== Task details ==
Two lines below mark the span: the one containing "f \<in> hom" and the one containing "using A unfolding". Set down both, plus every line between, exactly as they stand, and nothing else.

• • • •

lemma sum_tpaths_to_side1:
  fixes c :: "'v::linorder \<Rightarrow> 'v \<Rightarrow> 'a::{ring, monoid_mult}"
  assumes "polygon P" "dissection P {(t, v), (v, t)}" and D2: "dissection (side2 P t v) D2"
    and "{(t, v), (v, t)} \<inter> D2 = {}" "D = {(t, v), (v, t)} \<union> D2" "\<forall>(r, s)\<in>D. runit (c r s)"
    and "i \<in> side2 P t v - {t, v}" "k \<in> side1 P t v - {t, v}"
  shows "(\<Sum>p\<in>tpaths P D i k. tweight c p)
       = (\<Sum>q\<in>tpaths (side2 P t v) D2 i t. tweight c q) * rinv (c v t) * c v k
       + (\<Sum>q\<in>tpaths (side2 P t v) D2 i v. tweight c q) * rinv (c t v) * c t k"
proof -
  let ?S = "side2 P t v" and ?c' = "\<lambda>x y. Opp (c y x)"
  interpret separating_diagonal P ?S D D2 t v k i
    using separating_diagonal_side2 assms(2-5,8,7) .
  have D2_sym: "\<forall>(x, y)\<in>D2. (y, x) \<in> D2" and D2_noncrossing: "\<forall>d\<in>D2. \<forall>e\<in>D2. \<not> crosses d e"
    using D2 unfolding dissection_def by auto
  note D_sym = D_symmetric[OF D2_sym] and D_nc = D_noncrossing[OF D2_noncrossing]
  have units: "\<forall>(r, s)\<in>D. runit (c r s)" "\<forall>(r, s)\<in>D2. runit (c r s)"
    using assms(5,6) by auto
  have units': "runit (?c' v t)" "runit (?c' t v)"
    using units runit_Opp D_eq by auto
  have reversed_D2: "(\<Sum>q\<in>tpaths ?S D2 i x. tweight c q)
      = unopp (\<Sum>q | tpath_between ?S D2 x i q. tweight ?c' q)" for x
    unfolding tpaths_eq by (rule sum_tpaths_between_rev_opp[OF D2_sym D2_noncrossing units(2)])
  have "(\<Sum>p\<in>tpaths P D i k. tweight c p) = unopp (\<Sum>p | tpath_between P D k i p. tweight ?c' p)"
    unfolding tpaths_eq by (rule sum_tpaths_between_rev_opp[OF D_sym D_nc units(1)])
  also have "\<dots> = unopp (?c' k t * rinv (?c' v t) * (\<Sum>q | tpath_between ?S D2 v i q. tweight ?c' q)
      + ?c' k v * rinv (?c' t v) * (\<Sum>q | tpath_between ?S D2 t i q. tweight ?c' q))"
    using sum_tpaths[of ?c'] units' assms(1) unfolding polygon_def by simp
  also have "\<dots> = (\<Sum>q\<in>tpaths ?S D2 i t. tweight c q) * rinv (c v t) * c v k
       + (\<Sum>q\<in>tpaths ?S D2 i v. tweight c q) * rinv (c t v) * c t k"
    using reversed_D2[of t] reversed_D2[of v] units D_eq by (simp add: rinv_Opp mult.assoc add.commute)
  finally show ?thesis .
qed

theorem lemma2p7:
  fixes P :: "'v::linorder set" and t v :: 'v
    and D D2 :: "('v \<times> 'v) set"
    and c :: "'v \<Rightarrow> 'v \<Rightarrow> 'a::{ring, monoid_mult}"
  assumes "polygon P"
    and "dissection P {(t, v), (v, t)}"
    and "dissection (side2 P t v) D2"
    and "{(t, v), (v, t)} \<inter> D2 = {}"
    and "D = {(t, v), (v, t)} \<union> D2"
    and "\<forall>(r, s)\<in>D. runit (c r s)"
  shows "(\<forall>i\<in>side1 P t v - {t, v}. \<forall>k\<in>side2 P t v - {t, v}.
            (\<Sum>p\<in>tpaths P D i k. tweight c p)
          = c i t * rinv (c v t) * (\<Sum>q\<in>tpaths (side2 P t v) D2 v k. tweight c q)
            + c i v * rinv (c t v) * (\<Sum>q\<in>tpaths (side2 P t v) D2 t k. tweight c q))
       \<and> (\<forall>i\<in>side2 P t v - {t, v}. \<forall>k\<in>side1 P t v - {t, v}.
            (\<Sum>p\<in>tpaths P D i k. tweight c p)
          = (\<Sum>q\<in>tpaths (side2 P t v) D2 i t. tweight c q) * rinv (c v t) * c v k
            + (\<Sum>q\<in>tpaths (side2 P t v) D2 i v. tweight c q) * rinv (c t v) * c t k)"
  using sum_tpaths_from_side1[OF assms] sum_tpaths_to_side1[OF assms] by blast

end
lemma pres_lift_hom:
  assumes "group H" "range f \<subseteq> carrier H" "\<forall>r\<in>R. eval_word H f r = \<one>\<^bsub>H\<^esub>"
  shows "pres_lift H f \<in> hom (presented_group S R) H"
  using assms
  by (auto simp: hom_def carrier_presented_group mult_presented_group pres_lift_class
      group.eval_word_closed group.eval_word_append)

lemma pres_lift_gen:
  assumes "group H" "range f \<subseteq> carrier H" "\<forall>r\<in>R. eval_word H f r = \<one>\<^bsub>H\<^esub>" "a \<in> S"
  shows "pres_lift H f (pres_gen S R a) = f a"
  using assms monoid.r_one[OF group.is_monoid[OF assms(1)]]
  by (auto simp: pres_gen_def pres_lift_class image_subset_iff)

lemma presented_group_iso:
  assumes f1: "range f1 \<subseteq> carrier (presented_group S2 R2)"
      and r1: "\<forall>r\<in>R1. eval_word (presented_group S2 R2) f1 r = \<one>\<^bsub>presented_group S2 R2\<^esub>"
      and f2: "range f2 \<subseteq> carrier (presented_group S1 R1)"
      and r2: "\<forall>r\<in>R2. eval_word (presented_group S1 R1) f2 r = \<one>\<^bsub>presented_group S1 R1\<^esub>"
      and inv1: "\<And>a. a \<in> S1 \<Longrightarrow> pres_lift (presented_group S1 R1) f2 (f1 a) = pres_gen S1 R1 a"
      and inv2: "\<And>a. a \<in> S2 \<Longrightarrow> pres_lift (presented_group S2 R2) f1 (f2 a) = pres_gen S2 R2 a"
  shows "presented_group S1 R1 \<cong> presented_group S2 R2"
proof -
  let ?P1 = "presented_group S1 R1" and ?P2 = "presented_group S2 R2"
  let ?h = "pres_lift ?P2 f1" and ?k = "pres_lift ?P1 f2"
  have G1: "group ?P1" and G2: "group ?P2" by (rule group_presented_group)+
  have h: "?h \<in> hom ?P1 ?P2" by (rule pres_lift_hom[OF G2 f1 r1])
  have k: "?k \<in> hom ?P2 ?P1" by (rule pres_lift_hom[OF G1 f2 r2])
  have kh: "?k (?h A) = A" if A: "A \<in> carrier ?P1" for A
  proof -
    obtain w where w: "w \<in> words_on S1" "A = pres_class S1 R1 w"
      using A unfolding carrier_presented_group by blast
    have "?k (?h A) = ?k (eval_word ?P2 f1 w)" using w pres_lift_class[OF G2 f1 r1] by simp
    also have "\<dots> = eval_word ?P1 (?k \<circ> f1) w" by (rule hom_eval_word[OF G2 G1 k f1])
    also have "\<dots> = eval_word ?P1 (pres_gen S1 R1) w"
      by (rule eval_word_cong) (use w inv1 in \<open>auto simp: words_on_def\<close>)
    also have "\<dots> = A" using w eval_pres_gen by simp
    finally show ?thesis .
  qed
  have hk: "?h (?k B) = B" if B: "B \<in> carrier ?P2" for B
  proof -
    obtain w where w: "w \<in> words_on S2" "B = pres_class S2 R2 w"
      using B unfolding carrier_presented_group by blast
    have "?h (?k B) = ?h (eval_word ?P1 f2 w)" using w pres_lift_class[OF G1 f2 r2] by simp
    also have "\<dots> = eval_word ?P2 (?h \<circ> f2) w" by (rule hom_eval_word[OF G1 G2 h f2])
    also have "\<dots> = eval_word ?P2 (pres_gen S2 R2) w"
      by (rule eval_word_cong) (use w inv2 in \<open>auto simp: words_on_def\<close>)
    also have "\<dots> = B" using w eval_pres_gen by simp
    finally show ?thesis .
  qed
  have "bij_betw ?h (carrier ?P1) (carrier ?P2)"
    by (rule bij_betw_byWitness[where f' = ?k]) (use kh hk h k in \<open>auto simp: hom_def\<close>)
  then show ?thesis using h by (auto simp: is_iso_def iso_def)
qed

section \<open>The boundary graph of a pseudo-plane of type \<open>(d, r)\<close>\<close>

definition pp_nbhd :: "nat \<Rightarrow> nat \<Rightarrow> nat \<Rightarrow> nat list" where
  "pp_nbhd d r v =
    (if v = 0 then [0, 1]
     else if v \<le> d then [v - 1, v, v + 1]
     else if v = d + 1 then [d, d + 1, d + 2] @ (if 2 \<le> r then [d + 3] else [])
     else if v = d + 2 then [d + 1, d + 2]
     else [if v = d + 3 then d + 1 else v - 1, v] @ (if v < d + r + 1 then [v + 1] else []))"

lemma set_pp_nbhd:
  assumes "2 \<le> d" "1 \<le> r" "v < pp_nverts d r"
  shows "set (pp_nbhd d r v) = {v} \<union> {u. u < pp_nverts d r \<and> pp_adj d r v u}"
  using assms unfolding pp_nbhd_def pp_adj_def pp_edge_def pp_nverts_def
  by (auto split: if_splits)

lemma sorted_pp_nbhd: "sorted_wrt (<) (pp_nbhd d r v)"
  by (auto simp: pp_nbhd_def)

lemma vertex_relator_pp:
  assumes "2 \<le> d" "1 \<le> r" "v < pp_nverts d r"
  shows "vertex_relator (pp_nverts d r) wt (pp_adj d r) v =
     concat (map (\<lambda>u. if u = v then pow_word v (wt v) else [(u, True)]) (pp_nbhd d r v))"
proof -
  have "sorted_list_of_set ({v} \<union> {u. u < pp_nverts d r \<and> pp_adj d r v u}) = pp_nbhd d r v"
    unfolding set_pp_nbhd[OF assms, symmetric] sorted_list_of_set_sort_remdups
    using sorted_pp_nbhd[of d r v]
    by (simp add: strict_sorted_iff distinct_remdups_id sorted_sort_id)
  then show ?thesis by (simp add: vertex_relator_def)
qed

definition pp_relators :: "nat \<Rightarrow> nat \<Rightarrow> nat word set" where
  "pp_relators d r =
    {vertex_relator (pp_nverts d r) (pp_weight d 1 r) (pp_adj d r) v | v. v < pp_nverts d r} \<union>
    {commutator_word u v | u v. u < pp_nverts d r \<and> v < pp_nverts d r \<and> pp_adj d r u v}"

lemma pi1_inf_pseudo_plane_presented:
  "pi1_inf_pseudo_plane d 1 r = presented_group {..<pp_nverts d r} (pp_relators d r)"
  by (simp add: pi1_inf_pseudo_plane_def pi1_graph_def pp_relators_def)

lemma pp_relators_words_on:
  assumes "2 \<le> d" "1 \<le> r"
  shows "pp_relators d r \<subseteq> words_on {..<pp_nverts d r}"
proof
  fix w assume "w \<in> pp_relators d r"
  then consider v where "v < pp_nverts d r"
      "w = vertex_relator (pp_nverts d r) (pp_weight d 1 r) (pp_adj d r) v"
    | u v where "u < pp_nverts d r" "v < pp_nverts d r" "w = commutator_word u v"
    unfolding pp_relators_def by blast
  then show "w \<in> words_on {..<pp_nverts d r}"
  proof cases
    case 1
    then have "set (pp_nbhd d r v) \<subseteq> {..<pp_nverts d r}"
      using set_pp_nbhd[OF assms 1(1)] by auto
    then show ?thesis
      using 1 by (auto simp: vertex_relator_pp[OF assms] words_on_def pow_word_def)
  next
    case 2
    then show ?thesis by (simp add: commutator_word_def)
  qed
qed

definition pp_vertex_product ::
    "('a, 'b) monoid_scheme \<Rightarrow> nat \<Rightarrow> nat \<Rightarrow> (nat \<Rightarrow> 'a) \<Rightarrow> nat \<Rightarrow> 'a" where
  "pp_vertex_product G d r g v =
    (if v = 0 then g 1
     else if v \<le> d then
       g (v - 1) \<otimes>\<^bsub>G\<^esub> (g v [^]\<^bsub>G\<^esub> (if v = 1 then -1 else -2::int) \<otimes>\<^bsub>G\<^esub> g (v + 1))
     else if v = d + 1 then
       g d \<otimes>\<^bsub>G\<^esub> (g (d + 1) [^]\<^bsub>G\<^esub> (-2::int) \<otimes>\<^bsub>G\<^esub>
         (g (d + 2) \<otimes>\<^bsub>G\<^esub> (if 2 \<le> r then g (d + 3) else \<one>\<^bsub>G\<^esub>)))
     else if v = d + 2 then g (d + 1) \<otimes>\<^bsub>G\<^esub> g (d + 2) [^]\<^bsub>G\<^esub> (- int d)
     else g (if v = d + 3 then d + 1 else v - 1) \<otimes>\<^bsub>G\<^esub>
       (g v [^]\<^bsub>G\<^esub> (-2::int) \<otimes>\<^bsub>G\<^esub> (if v < d + r + 1 then g (v + 1) else \<one>\<^bsub>G\<^esub>)))"

lemma (in group) eval_vertex_relator_pp:
  assumes d: "2 \<le> d" and r: "1 \<le> r" and v: "v < pp_nverts d r"
    and g: "range g \<subseteq> carrier G"
  shows "eval_word G g (vertex_relator (pp_nverts d r) (pp_weight d 1 r) (pp_adj d r) v) =
    pp_vertex_product G d r g v"
proof -
  have gc: "g u \<in> carrier G" for u using g by auto
  have single: "eval_word G g [(u, True)] = g u" for u using gc by simp
  have opt: "eval_word G g (if P then [(u, True)] else []) = (if P then g u else \<one>)" for P u
    using single by simp
  note eval = eval_word_append[OF g] eval_pow_word[OF g] single opt gc
  note vr = vertex_relator_pp[OF d r v]
  consider "v = 0" | "1 \<le> v" "v \<le> d" | "v = d + 1" | "v = d + 2" | "d + 3 \<le> v"
    by linarith
  then show ?thesis
  proof cases
    case 1
    then show ?thesis unfolding vr by (simp add: eval pp_nbhd_def pp_weight_def pp_vertex_product_def)
  next
    case 2
    have "v - 1 \<noteq> v" using 2 by auto
    then have "vertex_relator (pp_nverts d r) (pp_weight d 1 r) (pp_adj d r) v
        = [(v - 1, True)] @ pow_word v (pp_weight d 1 r v) @ [(v + 1, True)]"
      unfolding vr using 2 by (simp add: pp_nbhd_def)
    then show ?thesis using 2 by (simp add: eval pp_weight_def pp_vertex_product_def)
  next
    case 3
    have "vertex_relator (pp_nverts d r) (pp_weight d 1 r) (pp_adj d r) v
        = [(d, True)] @ pow_word (d + 1) (-2) @ [(d + 2, True)] @
          (if 2 \<le> r then [(d + 3, True)] else [])"
      unfolding vr using 3 d by (simp add: pp_nbhd_def pp_weight_def)
    then show ?thesis using 3 d by (simp add: eval pp_vertex_product_def)
  next
    case 4
    then show ?thesis unfolding vr using d by (simp add: pp_nbhd_def pp_weight_def eval pp_vertex_product_def)
  next
    case 5
    have "(if v = d + 3 then d + 1 else v - 1) \<noteq> v" "v + 1 \<noteq> v" using 5 by auto
    then have "vertex_relator (pp_nverts d r) (pp_weight d 1 r) (pp_adj d r) v
        = [(if v = d + 3 then d + 1 else v - 1, True)] @ pow_word v (-2) @
          (if v < d + r + 1 then [(v + 1, True)] else [])"
      using 5 d unfolding vr pp_nbhd_def pp_weight_def by (simp del: One_nat_def)
    then show ?thesis using 5 d by (simp add: eval pp_vertex_product_def)
  qed
qed

text \<open>The solution of the relations: \<open>\<ell>'\<^sub>\<infinity> \<mapsto> y\<inverse>\<close>, \<open>S' \<mapsto> 1\<close>, \<open>\<ell>'\<^sub>0 \<mapsto> y\<close>,
  \<open>E\<^sub>i \<mapsto> y\<^sup>i\<close> for \<open>2 \<le> i \<le> d\<close>, \<open>E\<^sub>1 \<mapsto> y x\<close> and \<open>E\<^bsub>d+j\<^esub> \<mapsto> x\<^bsup>r-j\<^esup>\<close>.\<close>

definition pp_assign :: "('a, 'b) monoid_scheme \<Rightarrow> nat \<Rightarrow> nat \<Rightarrow> 'a \<Rightarrow> 'a \<Rightarrow> nat \<Rightarrow> 'a" where
  "pp_assign G d r x y v =
    (if v \<le> d + 1 then y [^]\<^bsub>G\<^esub> (int v - 1)
     else if v = d + 2 then y \<otimes>\<^bsub>G\<^esub> x
     else if v \<le> d + r + 1 then x [^]\<^bsub>G\<^esub> (int d + int r + 2 - int v)
     else \<one>\<^bsub>G\<^esub>)"

context group
begin

lemma pp_assign_closed:
  "x \<in> carrier G \<Longrightarrow> y \<in> carrier G \<Longrightarrow> range (pp_assign G d r x y) \<subseteq> carrier G"
  by (auto simp: pp_assign_def)

lemma pp_assign_in_subgroup:
  "subgroup K G \<Longrightarrow> x \<in> K \<Longrightarrow> y \<in> K \<Longrightarrow> pp_assign G d r x y v \<in> K"
  by (auto simp: pp_assign_def subgroup_int_pow_closed subgroup.m_closed subgroup.one_closed)

lemma hom_pp_assign:
  assumes "group H" "h \<in> hom G H" "x \<in> carrier G" "y \<in> carrier G"
  shows "h (pp_assign G d r x y v) = pp_assign H d r (h x) (h y) v"
proof -
  interpret group_hom G H h using assms by (simp add: group_hom_def group_hom_axioms_def)
  show ?thesis using assms by (auto simp: pp_assign_def hom_int_pow)
qed

end

locale xy_relations = group G for G (structure) +
  fixes d r :: nat and x y :: 'a
  assumes d: "2 \<le> d" and r: "1 \<le> r"
    and x_in_carrier [simp]: "x \<in> carrier G" and y_in_carrier [simp]: "y \<in> carrier G"
    and x_pow: "x [^] (int r) = y [^] (int d)" and xy_pow: "(x \<otimes> y) [^] (int d) = y [^] (int d)"
begin

abbreviation F :: "nat \<Rightarrow> 'a" where "F \<equiv> pp_assign G d r x y"

lemma yx_pow: "(y \<otimes> x) [^] d = y [^] d"
proof -
  have "(x \<otimes> y) [^] d = x [^] int r"
    using x_pow xy_pow by (simp add: int_pow_int)
  then have "(y \<otimes> x) [^] d = (x \<otimes> y) [^] d"
    by (rule pow_mult_swap[OF x_in_carrier y_in_carrier])
  also have "\<dots> = y [^] d"
    using xy_pow by (simp add: int_pow_int)
  finally show ?thesis .
qed

lemma vertex_product_chain:
  assumes "1 \<le> v" "v \<le> d"
  shows "pp_vertex_product G d r F v = \<one>"
proof -
  let ?w = "if v = 1 then -1 else -2::int"
  have "F (v - 1) = y [^] (int v - 2)" "F v = y [^] (int v - 1)" "F (v + 1) = y [^] int v"
    using assms by (auto simp: pp_assign_def of_nat_diff)
  then have "pp_vertex_product G d r F v = y [^] (int v - 2) \<otimes> (y [^] ((int v - 1) * ?w) \<otimes> y [^] int v)"
    using assms by (simp add: pp_vertex_product_def int_pow_pow)
  also have "\<dots> = y [^] (int v - 2 + ((int v - 1) * ?w + int v))"
    by (simp only: int_pow_mult[symmetric] y_in_carrier)
  also have "int v - 2 + ((int v - 1) * ?w + int v) = 0"
    by (auto simp: algebra_simps)
  finally show ?thesis by simp
qed

lemma vertex_product_E_d: "pp_vertex_product G d r F (d + 1) = \<one>"
proof -
  have last: "(if 2 \<le> r then F (d + 3) else \<one>) = x [^] (int r - 1)"
  proof (cases "2 \<le> r")
    case False
    then have "r = 1" using r by simp
    then show ?thesis by simp
  qed (simp add: pp_assign_def)
  have "pp_vertex_product G d r F (d + 1)
      = y [^] (int d - 1) \<otimes> (y [^] (- 2 * int d) \<otimes> (y [^] (1::int) \<otimes> (x [^] (1::int) \<otimes> x [^] (int r - 1))))"
    using d by (simp add: pp_vertex_product_def last pp_assign_def int_pow_pow m_assoc mult.commute)
  also have "\<dots> = y [^] (int d - 1 + (- 2 * int d + 1)) \<otimes> x [^] (1 + (int r - 1))"
    by (simp only: int_pow_mult_assoc int_pow_mult[symmetric] int_pow_closed x_in_carrier y_in_carrier)
  also have "\<dots> = y [^] (- int d) \<otimes> y [^] int d"
    by (simp add: x_pow)
  finally show ?thesis by (simp flip: int_pow_mult)
qed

• • • •

== Result of this task ==
  shows "pres_lift H f \<in> hom (presented_group S R) H"
  using assms
  by (auto simp: hom_def carrier_presented_group mult_presented_group pres_lift_class
      group.eval_word_closed group.eval_word_append)

lemma pres_lift_gen:
  assumes "group H" "range f \<subseteq> carrier H" "\<forall>r\<in>R. eval_word H f r = \<one>\<^bsub>H\<^esub>" "a \<in> S"
  shows "pres_lift H f (pres_gen S R a) = f a"
  using assms monoid.r_one[OF group.is_monoid[OF assms(1)]]
  by (auto simp: pres_gen_def pres_lift_class image_subset_iff)

lemma presented_group_iso:
  assumes f1: "range f1 \<subseteq> carrier (presented_group S2 R2)"
      and r1: "\<forall>r\<in>R1. eval_word (presented_group S2 R2) f1 r = \<one>\<^bsub>presented_group S2 R2\<^esub>"
      and f2: "range f2 \<subseteq> carrier (presented_group S1 R1)"
      and r2: "\<forall>r\<in>R2. eval_word (presented_group S1 R1) f2 r = \<one>\<^bsub>presented_group S1 R1\<^esub>"
      and inv1: "\<And>a. a \<in> S1 \<Longrightarrow> pres_lift (presented_group S1 R1) f2 (f1 a) = pres_gen S1 R1 a"
      and inv2: "\<And>a. a \<in> S2 \<Longrightarrow> pres_lift (presented_group S2 R2) f1 (f2 a) = pres_gen S2 R2 a"
  shows "presented_group S1 R1 \<cong> presented_group S2 R2"
proof -
  let ?P1 = "presented_group S1 R1" and ?P2 = "presented_group S2 R2"
  let ?h = "pres_lift ?P2 f1" and ?k = "pres_lift ?P1 f2"
  have G1: "group ?P1" and G2: "group ?P2" by (rule group_presented_group)+
  have h: "?h \<in> hom ?P1 ?P2" by (rule pres_lift_hom[OF G2 f1 r1])
  have k: "?k \<in> hom ?P2 ?P1" by (rule pres_lift_hom[OF G1 f2 r2])
  have kh: "?k (?h A) = A" if A: "A \<in> carrier ?P1" for A
  proof -
    obtain w where w: "w \<in> words_on S1" "A = pres_class S1 R1 w"
      using A unfolding carrier_presented_group by blast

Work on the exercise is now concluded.